In a typical PEM-type fuel cell, the membrane electrode assembly (hereinafter “MEA”) is sandwiched between “anode” and “cathode” gas diffusion layers (hereinafter “GDLs”) that can be formed from a resilient and conductive material such as carbon fabric or paper. The anode and cathode GDLs serve as electrochemical conductors between catalyzed sites of the PENI and the fuel (e.g., hydrogen) and oxidant (e.g., air/oxygen) which flow in respective “anode” and “cathode” flow channels of respective flow field plates.
A typical fuel cell system generates condensate water at various locations within the system. Therefore, condensate traps have generally been designed and located at these locations to aid in the collection of condensate. The condensate may be collected and stored in a condensate accumulation container for future use by the system.
Whereas, it may be undesirable to allow air to escape through the condensate traps, various arrangements have been designed to prevent air from escaping through the traps.

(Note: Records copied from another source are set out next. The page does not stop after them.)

definition cover_columns :: "column list" where
  "cover_columns =
  [(-49, -48, -119, -112, [(-119, -112, -1)]),
   (-48, -47, -113, -108, [(-113, -108, -1)]),
   (-47, -46, -108, -92, [(-108, -92, -1)]),
   (-46, -45, -105, -88, [(-105, -88, -1)]),
   (-45, -44, -102, -80, [(-102, -80, -1)]),
   (-44, -43, -98, -68, [(-98, -68, -1)]),
   (-43, -42, -93, -64, [(-93, -64, -1)]),
   (-42, -41, -91, -54, [(-91, -54, -1)]),
   (-41, -40, -89, -50, [(-89, -50, -1)]),
   (-40, -39, -91, -40, [(-91, -40, -1)]),
   (-39, -38, -86, -36, [(-86, -36, -1)]),
   (-38, -37, -82, -30, [(-82, -30, -1)]),
   (-37, -36, -80, -24, [(-80, -24, -1)]),
   (-36, -35, -79, -20, [(-79, -20, -1)]),
   (-35, -34, -89, -11, [(-89, -11, -1)]),
   (-34, -33, -86, -8, [(-86, -8, -1)]),
   (-33, -32, -83, -4, [(-83, -4, -1)]),
   (-32, -31, -79, 2, [(-79, 2, -1)]),
   (-31, -30, -75, 4, [(-75, 4, -1)]),
   (-30, -29, -74, 9, [(-74, 9, -1)]),
   (-29, -28, -75, 13, [(-75, 13, -1)]),
   (-28, -27, -98, 19, [(-98, -68, 0), (-71, 19, -1)]),
   (-27, -26, -93, 23, [(-93, -64, 0), (-67, 23, -1)]),
   (-26, -25, -91, 26, [(-91, -54, 0), (-65, 26, -1)]),
   (-25, -24, -89, 29, [(-89, -50, 0), (-64, 29, -1)]),
   (-24, -23, -91, 33, [(-91, -40, 0), (-74, 33, -1)]),
   (-23, -22, -86, 40, [(-86, -36, 0), (-71, 40, -1)]),
   (-22, -21, -82, 36, [(-82, -30, 0), (-69, 36, -1)]),
   (-21, -20, -80, 38, [(-80, -24, 0), (-63, 38, -1)]),
   (-20, -19, -79, 41, [(-79, -20, 0), (-60, 41, -1)]),
   (-19, -18, -89, 45, [(-89, -11, 0), (-58, 45, -1)]),
   (-18, -17, -86, 49, [(-86, -8, 0), (-62, 49, -1)]),
   (-17, -16, -83, 51, [(-83, -4, 0), (-55, 51, -1)]),
   (-16, -15, -79, 55, [(-79, 2, 0), (-51, 55, -1)]),
   (-15, -14, -75, 62, [(-75, 4, 0), (-49, 62, -1)]),
   (-14, -13, -74, 58, [(-74, 9, 0), (-45, 58, -1)]),
   (-13, -12, -75, 60, [(-75, 13, 0), (-41, 60, -1)]),
   (-12, -11, -98, 63, [(-98, -68, 1), (-71, 19, 0), (-38, 63, -1)]),
   (-11, -10, -93, 69, [(-93, -64, 1), (-67, 23, 0), (-36, 69, -1)]),
   (-10, -9, -91, 71, [(-91, -54, 1), (-65, 26, 0), (-40, 71, -1)]),
   (-9, -8, -89, 74, [(-89, -50, 1), (-64, 29, 0), (-33, 74, -1)]),
   (-8, -7, -91, 64, [(-91, -40, 1), (-74, 33, 0), (-29, 64, -1)]),
   (-7, -6, -86, 65, [(-86, -36, 1), (-71, 40, 0), (-26, 65, -1)]),
   (-6, -5, -82, 67, [(-82, -30, 1), (-69, 36, 0), (-23, 67, -1)]),
   (-5, -4, -80, 71, [(-80, -24, 1), (-63, 38, 0), (-19, 71, -1)]),
   (-4, -3, -79, 75, [(-79, -20, 1), (-60, 41, 0), (-13, 75, -1)]),
   (-3, -2, -89, 74, [(-89, -11, 1), (-58, 45, 0), (-9, 74, -1)]),
   (-2, -1, -86, 75, [(-86, -8, 1), (-62, 49, 0), (-4, 75, -1)]),
   (-1, 0, -83, 79, [(-83, -4, 1), (-55, 51, 0), (-2, 79, -1)]),
   (0, 1, -79, 83, [(-79, 2, 1), (-51, 55, 0), (4, 83, -1)]),
   (1, 2, -75, 86, [(-75, 4, 1), (-49, 62, 0), (8, 86, -1)]),
   (2, 3, -74, 89, [(-74, 9, 1), (-45, 58, 0), (11, 89, -1)]),
   (3, 4, -75, 79, [(-75, 13, 1), (-41, 60, 0), (20, 79, -1)]),
   (4, 5, -71, 80, [(-71, 19, 1), (-38, 63, 0), (24, 80, -1)]),
   (5, 6, -67, 82, [(-67, 23, 1), (-36, 69, 0), (30, 82, -1)]),
   (6, 7, -65, 86, [(-65, 26, 1), (-40, 71, 0), (36, 86, -1)]),
   (7, 8, -64, 91, [(-64, 29, 1), (-33, 74, 0), (40, 91, -1)]),
   (8, 9, -74, 89, [(-74, 33, 1), (-29, 64, 0), (50, 89, -1)]),
   (9, 10, -71, 91, [(-71, 40, 1), (-26, 65, 0), (54, 91, -1)]),
   (10, 11, -69, 93, [(-69, 36, 1), (-23, 67, 0), (64, 93, -1)]),
   (11, 12, -63, 98, [(-63, 38, 1), (-19, 71, 0), (68, 98, -1)]),
   (12, 13, -60, 75, [(-60, 41, 1), (-13, 75, 0)]),
   (13, 14, -58, 74, [(-58, 45, 1), (-9, 74, 0)]),
   (14, 15, -62, 75, [(-62, 49, 1), (-4, 75, 0)]),
   (15, 16, -55, 79, [(-55, 51, 1), (-2, 79, 0)]),
   (16, 17, -51, 83, [(-51, 55, 1), (4, 83, 0)]),
   (17, 18, -49, 86, [(-49, 62, 1), (8, 86, 0)]),
   (18, 19, -45, 89, [(-45, 58, 1), (11, 89, 0)]),
   (19, 20, -41, 79, [(-41, 60, 1), (20, 79, 0)]),
   (20, 21, -38, 80, [(-38, 63, 1), (24, 80, 0)]),
   (21, 22, -36, 82, [(-36, 69, 1), (30, 82, 0)]),
   (22, 23, -40, 86, [(-40, 71, 1), (36, 86, 0)]),
   (23, 24, -33, 91, [(-33, 74, 1), (40, 91, 0)]),
   (24, 25, -29, 89, [(-29, 64, 1), (50, 89, 0)]),
   (25, 26, -26, 91, [(-26, 65, 1), (54, 91, 0)]),
   (26, 27, -23, 93, [(-23, 67, 1), (64, 93, 0)]),
   (27, 28, -19, 98, [(-19, 71, 1), (68, 98, 0)]),
   (28, 29, -13, 75, [(-13, 75, 1)]),
   (29, 30, -9, 74, [(-9, 74, 1)]),
   (30, 31, -4, 75, [(-4, 75, 1)]),
   (31, 32, -2, 79, [(-2, 79, 1)]),
   (32, 33, 4, 83, [(4, 83, 1)]),
   (33, 34, 8, 86, [(8, 86, 1)]),
   (34, 35, 11, 89, [(11, 89, 1)]),
   (35, 36, 20, 79, [(20, 79, 1)]),
   (36, 37, 24, 80, [(24, 80, 1)]),
   (37, 38, 30, 82, [(30, 82, 1)]),
   (38, 39, 36, 86, [(36, 86, 1)]),
   (39, 40, 40, 91, [(40, 91, 1)]),
   (40, 41, 50, 89, [(50, 89, 1)]),
   (41, 42, 54, 91, [(54, 91, 1)]),
   (42, 43, 64, 93, [(64, 93, 1)]),
   (43, 44, 68, 98, [(68, 98, 1)]),
   (44, 45, 80, 102, [(80, 102, 1)]),
   (45, 46, 88, 105, [(88, 105, 1)]),
   (46, 47, 92, 108, [(92, 108, 1)]),
   (47, 48, 108, 113, [(108, 113, 1)]),
   (48, 49, 112, 119, [(112, 119, 1)])]"

lemma certificate_ok_cover_columns: "certificate_ok cover_columns"
  by code_simp

section \<open>Zeros near 1/sqrt 2\<close>

lemma certified_zero_expansion:
  fixes T :: "real \<times> real \<Rightarrow> real \<times> real"
  assumes "linear T" "param_box \<alpha> \<beta> \<gamma> \<delta>" "\<And>v. T (param_map \<alpha> \<beta> \<gamma> \<delta> v) = v"
    and "\<And>v. (\<lambda>n. (T ^^ n) v) \<longlonglongrightarrow> 0"
  shows "\<exists>a\<in>coeffsB. (\<lambda>n. of_int (a n) *\<^sub>R (T ^^ n) (1, 0)) sums 0"
  using certificate_ok_self_cover[OF certificate_ok_cover_columns assms(2)]
  by (rule self_cover_zero_expansion[OF assms(1,3,4) bounded_column_set _
        certificate_ok_target[OF certificate_ok_cover_columns assms(2)]])

definition window :: "real set" where
  "window = {70707/100000..70714/100000}"

lemma window_mult:
  assumes "g \<in> window" "l \<in> window"
  shows "(70707/100000) * (70707/100000) \<le> g * l" "g * l \<le> (70714/100000) * (70714/100000)"
proof -
  have "70707/100000 \<le> g" "g \<le> 70714/100000" "70707/100000 \<le> l" "l \<le> 70714/100000"
    using assms by (simp_all add: window_def)
  then show "(70707/100000) * (70707/100000) \<le> g * l" "g * l \<le> (70714/100000) * (70714/100000)"
    by (intro mult_mono; linarith)+
qed

lemma param_box_tri:
  assumes "g \<in> window" "l \<in> window"
  shows "param_box (1/g) 0 (1/(g*l)) (1/l)"
proof -
  note window_mult[OF assms]
  moreover have "0 < g" "0 < l" "0 < g * l"
    using assms by (auto simp: window_def)
  ultimately show ?thesis
    using assms by (simp add: param_box_def window_def field_simps)
qed

lemma tri_map_param_map:
  "g \<noteq> 0 \<Longrightarrow> l \<noteq> 0 \<Longrightarrow> tri_map g l (param_map (1/g) 0 (1/(g*l)) (1/l) v) = v"
  by (cases v) (simp add: tri_map_def param_map_def field_simps)

lemma window_tri_zero_expansion:
  assumes "g \<in> window" "l \<in> window"
  shows "\<exists>a\<in>coeffsB. (\<lambda>n. of_int (a n) *\<^sub>R (tri_map g l ^^ n) (1, 0)) sums 0"
proof (rule certified_zero_expansion[OF linear_tri_map param_box_tri[OF assms]])
  have "0 < g" "g < 1" "0 < l" "l < 1"
    using assms by (auto simp: window_def)
  then show "tri_map g l (param_map (1/g) 0 (1/(g*l)) (1/l) v) = v"
    and "(\<lambda>n. (tri_map g l ^^ n) v) \<longlonglongrightarrow> 0" for v
    by (simp_all add: tri_map_param_map tri_map_iterates_tendsto_zero)
qed

lemma window_common_zero:
  assumes "g \<in> window" "l \<in> window"
  shows "\<exists>a\<in>coeffsB. bser a g = 0 \<and> bser a l = 0"
  using window_tri_zero_expansion[OF assms] tri_expansion_zeros by blast

lemma window_double_zero:
  assumes "l \<in> window"
  shows "\<exists>a\<in>coeffsB. bser a l = 0 \<and> deriv (bser a) l = 0"
proof -
  obtain a where a: "a \<in> coeffsB" "(\<lambda>n. of_int (a n) *\<^sub>R (tri_map l l ^^ n) (1, 0)) sums 0"
    using window_tri_zero_expansion[OF assms assms] by blast
  moreover have "\<bar>l\<bar> < 1"
    using assms by (auto simp: window_def)
  ultimately show ?thesis
    using tri_expansion_zeros(1) tri_expansion_deriv_zero by blast
qed

lemma param_box_rot:
  assumes "s \<in> window" "t\<^sup>2 \<le> 1/10^10"
  shows "param_box (s / (s\<^sup>2 + t\<^sup>2)) (t\<^sup>2 / (s\<^sup>2 + t\<^sup>2)) (1 / (s\<^sup>2 + t\<^sup>2)) (s / (s\<^sup>2 + t\<^sup>2))"
proof -
  define D where "D = s\<^sup>2 + t\<^sup>2"
  have s: "70707/100000 \<le> s" "s \<le> 70714/100000"
    using assms(1) by (auto simp: window_def)
  have sq: "(70707/100000) * s \<le> s\<^sup>2" "s\<^sup>2 \<le> (70714/100000) * s"
      "(70707/100000) * (70707/100000) \<le> s\<^sup>2" "s\<^sup>2 \<le> (70714/100000) * (70714/100000)"
    using s window_mult[OF assms(1,1)] by (simp_all add: power2_eq_square mult_right_mono)
  have t: "0 \<le> t\<^sup>2" "t\<^sup>2 \<le> 1/10000000000"
    using assms(2) by simp_all
  have "0 < D" "5792 * D \<le> 4096 * s" "4096 * s \<le> 5793 * D"
    "8191 * D \<le> 4096" "4096 \<le> 8193 * D" "524288 * t\<^sup>2 \<le> D"
    unfolding D_def by (use sq s t in argo)+
  then show ?thesis
    unfolding D_def[symmetric] by (simp add: param_box_def field_simps)
qed

lemma rot_map_param_map:
  assumes "s\<^sup>2 + t\<^sup>2 \<noteq> 0"
  shows "rot_map s t
    (param_map (s / (s\<^sup>2 + t\<^sup>2)) (t\<^sup>2 / (s\<^sup>2 + t\<^sup>2)) (1 / (s\<^sup>2 + t\<^sup>2)) (s / (s\<^sup>2 + t\<^sup>2)) v) = v"
proof -
  define k where "k = 1 / (s\<^sup>2 + t\<^sup>2)"
  have k: "x / (s\<^sup>2 + t\<^sup>2) = x * k" "k * (s\<^sup>2 + t\<^sup>2) = 1" for x
    using assms by (simp_all add: k_def)
  obtain w u where v: "v = (w, u)"
    by fastforce
  have "s * (s * k * w + t\<^sup>2 * k * u) - t\<^sup>2 * (s * k * u - k * w) = k * (s\<^sup>2 + t\<^sup>2) * w"
    "s * k * w + t\<^sup>2 * k * u + s * (s * k * u - k * w) = k * (s\<^sup>2 + t\<^sup>2) * u"
    by (simp_all add: algebra_simps power2_eq_square)
  then show ?thesis
    by (simp add: v k rot_map_def param_map_def mult.commute)
qed

lemma window_complex_zero:
  assumes "s \<in> window" "t\<^sup>2 \<le> 1/10^10"
  shows "\<exists>a\<in>coeffsB. bser a (Complex s t) = 0"
proof -
  have "0 < s\<^sup>2" "s\<^sup>2 + t\<^sup>2 < 1"
    using assms window_mult[OF assms(1,1)] by (auto simp: window_def power2_eq_square)
  then have "s\<^sup>2 + t\<^sup>2 \<noteq> 0"
    by (metis add_pos_nonneg zero_le_power2 less_irrefl)
  then show ?thesis
    using certified_zero_expansion[OF linear_rot_map param_box_rot[OF assms] rot_map_param_map
        rot_map_iterates_tendsto_zero[OF \<open>s\<^sup>2 + t\<^sup>2 < 1\<close>]] rot_expansion_zero
    by blast
qed

lemma near_isqrt2_in_window:
  assumes "\<bar>x - 1 / sqrt 2\<bar> < 4/1000000"
  shows "x \<in> window"
proof -
  define r where "r = 1 / sqrt 2"
  have "14142135/10000000 < sqrt 2"
    by (rule real_less_rsqrt) (simp add: power2_eq_square)
  moreover have "sqrt 2 < 14142136/10000000"
    by (rule real_less_lsqrt) (simp_all add: power2_eq_square)
  moreover have "r = sqrt 2 / 2"
    by (simp add: r_def field_simps)
  ultimately have "70710675/100000000 < r" "r < 70710680/100000000"
    by simp_all
  then show ?thesis
    using assms unfolding window_def atLeastAtMost_iff abs_less_iff r_def[symmetric] by argo
qed

lemma complex_near_isqrt2_in_window:
  assumes "norm (z - complex_of_real (1 / sqrt 2)) < 3/1000000"
  shows "Re z \<in> window" "(Im z)\<^sup>2 \<le> 1/10^10"
proof -
  have "\<bar>Re z - 1 / sqrt 2\<bar> < 3/1000000" "\<bar>Im z\<bar> < 3/1000000"
    using assms abs_Re_le_cmod[of "z - complex_of_real (1 / sqrt 2)"]
      abs_Im_le_cmod[of "z - complex_of_real (1 / sqrt 2)"] by auto
  then show "Re z \<in> window"
    by (intro near_isqrt2_in_window) simp
  have "(Im z)\<^sup>2 \<le> (3/1000000)\<^sup>2"
    unfolding abs_le_square_iff[symmetric] using \<open>\<bar>Im z\<bar> < 3/1000000\<close> by simp
  then show "(Im z)\<^sup>2 \<le> 1/10^10"
    by (rule order_trans) (simp add: power2_eq_square)
qed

For example, a needle and float arrangement may be utilized to allow condensate to escape when present, however the escape will be plugged when there is no condensate in the trap.
It has been found that undesirable gasses may accumulate in the condensate collection container. Such gasses may become entrained or dissolved in the condensate removed in the system. The gasses may build up in the condensate collection container and present a hazard to the system. For example, a flammable gas such as hydrogen may accumulate in the condensate collection container and present a safety hazard to the system.